### RECORDS SUPPLIED
lemma vertical_crossings:
  fixes P :: "nat \<times> nat \<Rightarrow> bool" and w :: "bool \<times> nat \<times> nat \<Rightarrow> real"
  assumes ij: "1 \<le> i" "i \<le> N" "j \<le> N"
    and w: "\<And>l. l \<in> grid_labels N \<Longrightarrow> base_cost N l < w l \<and> w l < base_cost N l + 1"
    and top: "\<And>c. c \<in> {1..N} \<Longrightarrow> P (0, c) = (c \<le> j)"
    and bottom: "\<And>c. c \<in> {1..N} \<Longrightarrow> \<not> P (Suc N, c)"
  obtains \<rho> where "\<And>c. c \<in> {1..j} \<Longrightarrow> \<rho> c \<le> N \<and> P (\<rho> c, c) \<noteq> P (Suc (\<rho> c), c) \<and>
    w (True, i, c) \<le> w (True, \<rho> c, c) + (if P (Suc i, c) then real N else 0)"
proof -
  have "\<forall>c\<in>{1..j}. \<exists>x \<le> N. P (x, c) \<noteq> P (Suc x, c) \<and>
      w (True, i, c) \<le> w (True, x, c) + (if P (Suc i, c) then real N else 0)"
  proof
    fix c assume c: "c \<in> {1..j}"
    have lab: "(True, x, c) \<in> grid_labels N" if "x \<le> N" for x
      using that c ij unfolding grid_labels_def by auto
    show "\<exists>x \<le> N. P (x, c) \<noteq> P (Suc x, c) \<and>
        w (True, i, c) \<le> w (True, x, c) + (if P (Suc i, c) then real N else 0)"
    proof (rule crossing_edge_cost[where f = "\<lambda>x. P (x, c)" and K = "2 * real N ^ 2 + real N"])
      show "2 * real N ^ 2 + real N - real x < w (True, x, c) \<and>
          w (True, x, c) < 2 * real N ^ 2 + real N - real x + 1" if "x \<le> N" for x
        using w[OF lab[OF that]] by (simp add: base_cost_def)
    qed (use ij c top[of c] bottom[of c] in auto)
  qed
  then show ?thesis using that by metis
qed

lemma horizontal_crossings:
  fixes P :: "nat \<times> nat \<Rightarrow> bool" and w :: "bool \<times> nat \<times> nat \<Rightarrow> real"
  assumes ij: "i \<le> N" "1 \<le> j" "j \<le> N"
    and w: "\<And>l. l \<in> grid_labels N \<Longrightarrow> base_cost N l < w l \<and> w l < base_cost N l + 1"
    and left: "\<And>r. r \<in> {1..N} \<Longrightarrow> P (r, 0) = (r \<le> i)"
    and right: "\<And>r. r \<in> {1..N} \<Longrightarrow> \<not> P (r, Suc N)"
  obtains \<sigma> where "\<And>r. r \<in> {1..i} \<Longrightarrow> \<sigma> r \<le> N \<and> P (r, \<sigma> r) \<noteq> P (r, Suc (\<sigma> r)) \<and>
    w (False, r, j) \<le> w (False, r, \<sigma> r) + (if P (r, Suc j) then real N else 0)"
proof -
  have "\<forall>r\<in>{1..i}. \<exists>x \<le> N. P (r, x) \<noteq> P (r, Suc x) \<and>
      w (False, r, j) \<le> w (False, r, x) + (if P (r, Suc j) then real N else 0)"
  proof
    fix r assume r: "r \<in> {1..i}"
    have lab: "(False, r, x) \<in> grid_labels N" if "x \<le> N" for x
      using that r ij unfolding grid_labels_def by auto
    show "\<exists>x \<le> N. P (r, x) \<noteq> P (r, Suc x) \<and>
        w (False, r, j) \<le> w (False, r, x) + (if P (r, Suc j) then real N else 0)"
    proof (rule crossing_edge_cost[where f = "\<lambda>x. P (r, x)" and K = "2 * real N ^ 2 + real N"])
      show "2 * real N ^ 2 + real N - real x < w (False, r, x) \<and>
          w (False, r, x) < 2 * real N ^ 2 + real N - real x + 1" if "x \<le> N" for x
        using w[OF lab[OF that]] by (simp add: base_cost_def)
    qed (use ij r left[of r] right[of r] in auto)
  qed
  then show ?thesis using that by metis
qed

(* The total loss over all columns and rows is at most 2N^2, and it is paid for by a set of
   cut edges (empty if nothing leaks) lying in row i + 1 or column j + 1. *)
lemma leak_compensated:
  fixes P :: "nat \<times> nat \<Rightarrow> bool" and w :: "bool \<times> nat \<times> nat \<Rightarrow> real"
  assumes ij: "1 \<le> i" "i \<le> N" "1 \<le> j" "j \<le> N"
    and w: "\<And>l. l \<in> grid_labels N \<Longrightarrow> base_cost N l < w l \<and> w l < base_cost N l + 1"
    and left: "\<And>r. r \<in> {1..N} \<Longrightarrow> P (r, 0) = (r \<le> i)"
    and top: "\<And>c. c \<in> {1..N} \<Longrightarrow> P (0, c) = (c \<le> j)"
    and bottom: "\<And>c. c \<in> {1..N} \<Longrightarrow> \<not> P (Suc N, c)"
    and right: "\<And>r. r \<in> {1..N} \<Longrightarrow> \<not> P (r, Suc N)"
  obtains X where "X \<subseteq> {l\<in>grid_labels N. P (tail l) \<noteq> P (head l)}"
    "\<And>l. l \<in> X \<Longrightarrow> \<exists>s. l \<in> {(False, Suc i, s), (True, s, Suc j)}"
    "(\<Sum>c\<in>{1..j}. if P (Suc i, c) then real N else 0) + (\<Sum>r\<in>{1..i}. if P (r, Suc j) then real N else 0)
       \<le> (\<Sum>l\<in>X. w l)"
proof (cases "(\<exists>c\<in>{1..j}. P (Suc i, c)) \<or> (\<exists>r\<in>{1..i}. P (r, Suc j))")
  case True
  then obtain s l where l: "l \<in> {(False, Suc i, s), (True, s, Suc j)}" "l \<in> grid_labels N"
      "P (tail l) \<noteq> P (head l)"
    using compensating_cut_edge[OF ij left top bottom right] by blast
  have "(\<Sum>c\<in>{1..j}. if P (Suc i, c) then real N else 0) \<le> real j * real N"
    "(\<Sum>r\<in>{1..i}. if P (r, Suc j) then real N else 0) \<le> real i * real N"
    using sum_bounded_above[of "{1..j}" "\<lambda>c. if P (Suc i, c) then real N else 0" "real N"]
      sum_bounded_above[of "{1..i}" "\<lambda>r. if P (r, Suc j) then real N else 0" "real N"]
    by auto
  moreover have "real j * real N \<le> real N ^ 2" "real i * real N \<le> real N ^ 2"
    using ij by (simp_all add: power2_eq_square mult_right_mono)
  moreover have "2 * real N ^ 2 \<le> w l" using base_cost_ge[OF l(2)] w[OF l(2)] by linarith
  ultimately show ?thesis using l by (intro that[of "{l}"]) auto
next
  case False
  then show ?thesis by (intro that[of "{}"]) auto
qed
definition nbr_v :: "('v \<times> 'f) set \<Rightarrow> 'v \<Rightarrow> 'f set" where
  "nbr_v E j = {a. (j, a) \<in> E}"

definition nbr_f :: "('v \<times> 'f) set \<Rightarrow> 'f \<Rightarrow> 'v set" where
  "nbr_f E a = {j. (j, a) \<in> E}"

end

(* Deleting the edge {j, \<alpha>} splits the tree into G_{1,j\<alpha>} and the side of \<alpha>, so c_{j\<alpha>} is
   1 minus the weight of the \<alpha>-side. Deleting a node x splits the tree into one branch per
   neighbour of x, so the total weight 1 is c_x plus the weights of these branches. At a factor
   \<alpha> the branches are the G_{1,j\<alpha>}, which gives c_\<alpha> + \<Sum> c_{j\<alpha>} = 1; at a variable j they
   are the \<alpha>-sides, which gives c_j + \<Sum> (1 - c_{j\<alpha>}) = 1. *)

theory Submission
  imports Defs "HOL-Library.Transitive_Closure_Table"
begin

definition del_edge :: "('n \<Rightarrow> 'n \<Rightarrow> bool) \<Rightarrow> 'n \<Rightarrow> 'n \<Rightarrow> 'n \<Rightarrow> 'n \<Rightarrow> bool" where
  "del_edge A x y u v \<longleftrightarrow> A u v \<and> {u, v} \<noteq> {x, y}"

text \<open>The side of y after deleting the edge {x, y}; the paper's G_{1,j\<alpha>} is
  branch (fadj E) (Inr \<alpha>) (Inl j).\<close>

definition branch :: "('n \<Rightarrow> 'n \<Rightarrow> bool) \<Rightarrow> 'n \<Rightarrow> 'n \<Rightarrow> 'n set" where
  "branch A x y = {z. (del_edge A x y)\<^sup>*\<^sup>* y z}"

lemma del_edge_commute: "del_edge A x y = del_edge A y x"
  unfolding del_edge_def by (intro ext) (simp add: insert_commute)

lemma branch_closed: "z \<in> branch A x y \<Longrightarrow> del_edge A x y z w \<Longrightarrow> w \<in> branch A x y"
  unfolding branch_def by (blast intro: rtranclp.rtrancl_into_rtrancl)

lemma cycle_of_bypassed_edge:
  assumes "x \<noteq> y" and "A x y" and "(del_edge A x y)\<^sup>*\<^sup>* y x"
  shows "\<exists>xs. length xs \<ge> 3 \<and> distinct xs \<and>
    (\<forall>i < length xs. A (xs ! i) (xs ! ((i + 1) mod length xs)))"
proof -
  let ?D = "del_edge A x y"
  obtain ps where "rtrancl_path ?D y ps x"
    using assms(3) rtranclp_eq_rtrancl_path by metis
  then obtain ps' where path: "rtrancl_path ?D y ps' x" and dist: "distinct (y # ps')"
    using rtrancl_path_distinct by metis
  have "ps' \<noteq> []"
    using path \<open>x \<noteq> y\<close> by (auto elim: rtrancl_path.cases)
  then have last: "last ps' = x"
    using path rtrancl_path_last by metis
  have "ps' \<noteq> [x]"
  proof
    assume "ps' = [x]"
    then have "?D y x"
      using rtrancl_path_nth[OF path, of 0] by simp
    then show False
      by (simp add: del_edge_def insert_commute)
  qed
  with \<open>ps' \<noteq> []\<close> last have len: "length ps' \<ge> 2"
    by (cases ps' rule: rev_cases) (auto simp: Suc_le_eq)
  define cyc where "cyc = y # ps'"
  have "A (cyc ! i) (cyc ! ((i + 1) mod length cyc))" if "i < length cyc" for i
  proof (cases "i < length ps'")
    case True
    then show ?thesis
      using rtrancl_path_nth[OF path True] by (simp add: cyc_def del_edge_def)
  next
    case False
    then have "i = length ps'" using that by (simp add: cyc_def)
    then show ?thesis
      using last \<open>ps' \<noteq> []\<close> \<open>A x y\<close> by (simp add: cyc_def last_conv_nth)
  qed
  moreover have "length cyc \<ge> 3" "distinct cyc"
    using len dist by (simp_all add: cyc_def)
  ultimately show ?thesis by blast
qed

### PROBLEM TO SOLVE
In the listing above, start at the line with "x) \<in> grid_labels", go on through the line with "using compensating_cut_edge[OF ij", and copy each of those lines exactly; leave out all the rest.

### ANSWER BOX
    have lab: "(False, r, x) \<in> grid_labels N" if "x \<le> N" for x
      using that r ij unfolding grid_labels_def by auto
    show "\<exists>x \<le> N. P (r, x) \<noteq> P (r, Suc x) \<and>
        w (False, r, j) \<le> w (False, r, x) + (if P (r, Suc j) then real N else 0)"
    proof (rule crossing_edge_cost[where f = "\<lambda>x. P (r, x)" and K = "2 * real N ^ 2 + real N"])
      show "2 * real N ^ 2 + real N - real x < w (False, r, x) \<and>
          w (False, r, x) < 2 * real N ^ 2 + real N - real x + 1" if "x \<le> N" for x
        using w[OF lab[OF that]] by (simp add: base_cost_def)
    qed (use ij r left[of r] right[of r] in auto)
  qed
  then show ?thesis using that by metis
qed

(* The total loss over all columns and rows is at most 2N^2, and it is paid for by a set of
   cut edges (empty if nothing leaks) lying in row i + 1 or column j + 1. *)
lemma leak_compensated:
  fixes P :: "nat \<times> nat \<Rightarrow> bool" and w :: "bool \<times> nat \<times> nat \<Rightarrow> real"
  assumes ij: "1 \<le> i" "i \<le> N" "1 \<le> j" "j \<le> N"
    and w: "\<And>l. l \<in> grid_labels N \<Longrightarrow> base_cost N l < w l \<and> w l < base_cost N l + 1"
    and left: "\<And>r. r \<in> {1..N} \<Longrightarrow> P (r, 0) = (r \<le> i)"
    and top: "\<And>c. c \<in> {1..N} \<Longrightarrow> P (0, c) = (c \<le> j)"
    and bottom: "\<And>c. c \<in> {1..N} \<Longrightarrow> \<not> P (Suc N, c)"
    and right: "\<And>r. r \<in> {1..N} \<Longrightarrow> \<not> P (r, Suc N)"
  obtains X where "X \<subseteq> {l\<in>grid_labels N. P (tail l) \<noteq> P (head l)}"
    "\<And>l. l \<in> X \<Longrightarrow> \<exists>s. l \<in> {(False, Suc i, s), (True, s, Suc j)}"
    "(\<Sum>c\<in>{1..j}. if P (Suc i, c) then real N else 0) + (\<Sum>r\<in>{1..i}. if P (r, Suc j) then real N else 0)
       \<le> (\<Sum>l\<in>X. w l)"
proof (cases "(\<exists>c\<in>{1..j}. P (Suc i, c)) \<or> (\<exists>r\<in>{1..i}. P (r, Suc j))")
  case True
  then obtain s l where l: "l \<in> {(False, Suc i, s), (True, s, Suc j)}" "l \<in> grid_labels N"
      "P (tail l) \<noteq> P (head l)"
    using compensating_cut_edge[OF ij left top bottom right] by blast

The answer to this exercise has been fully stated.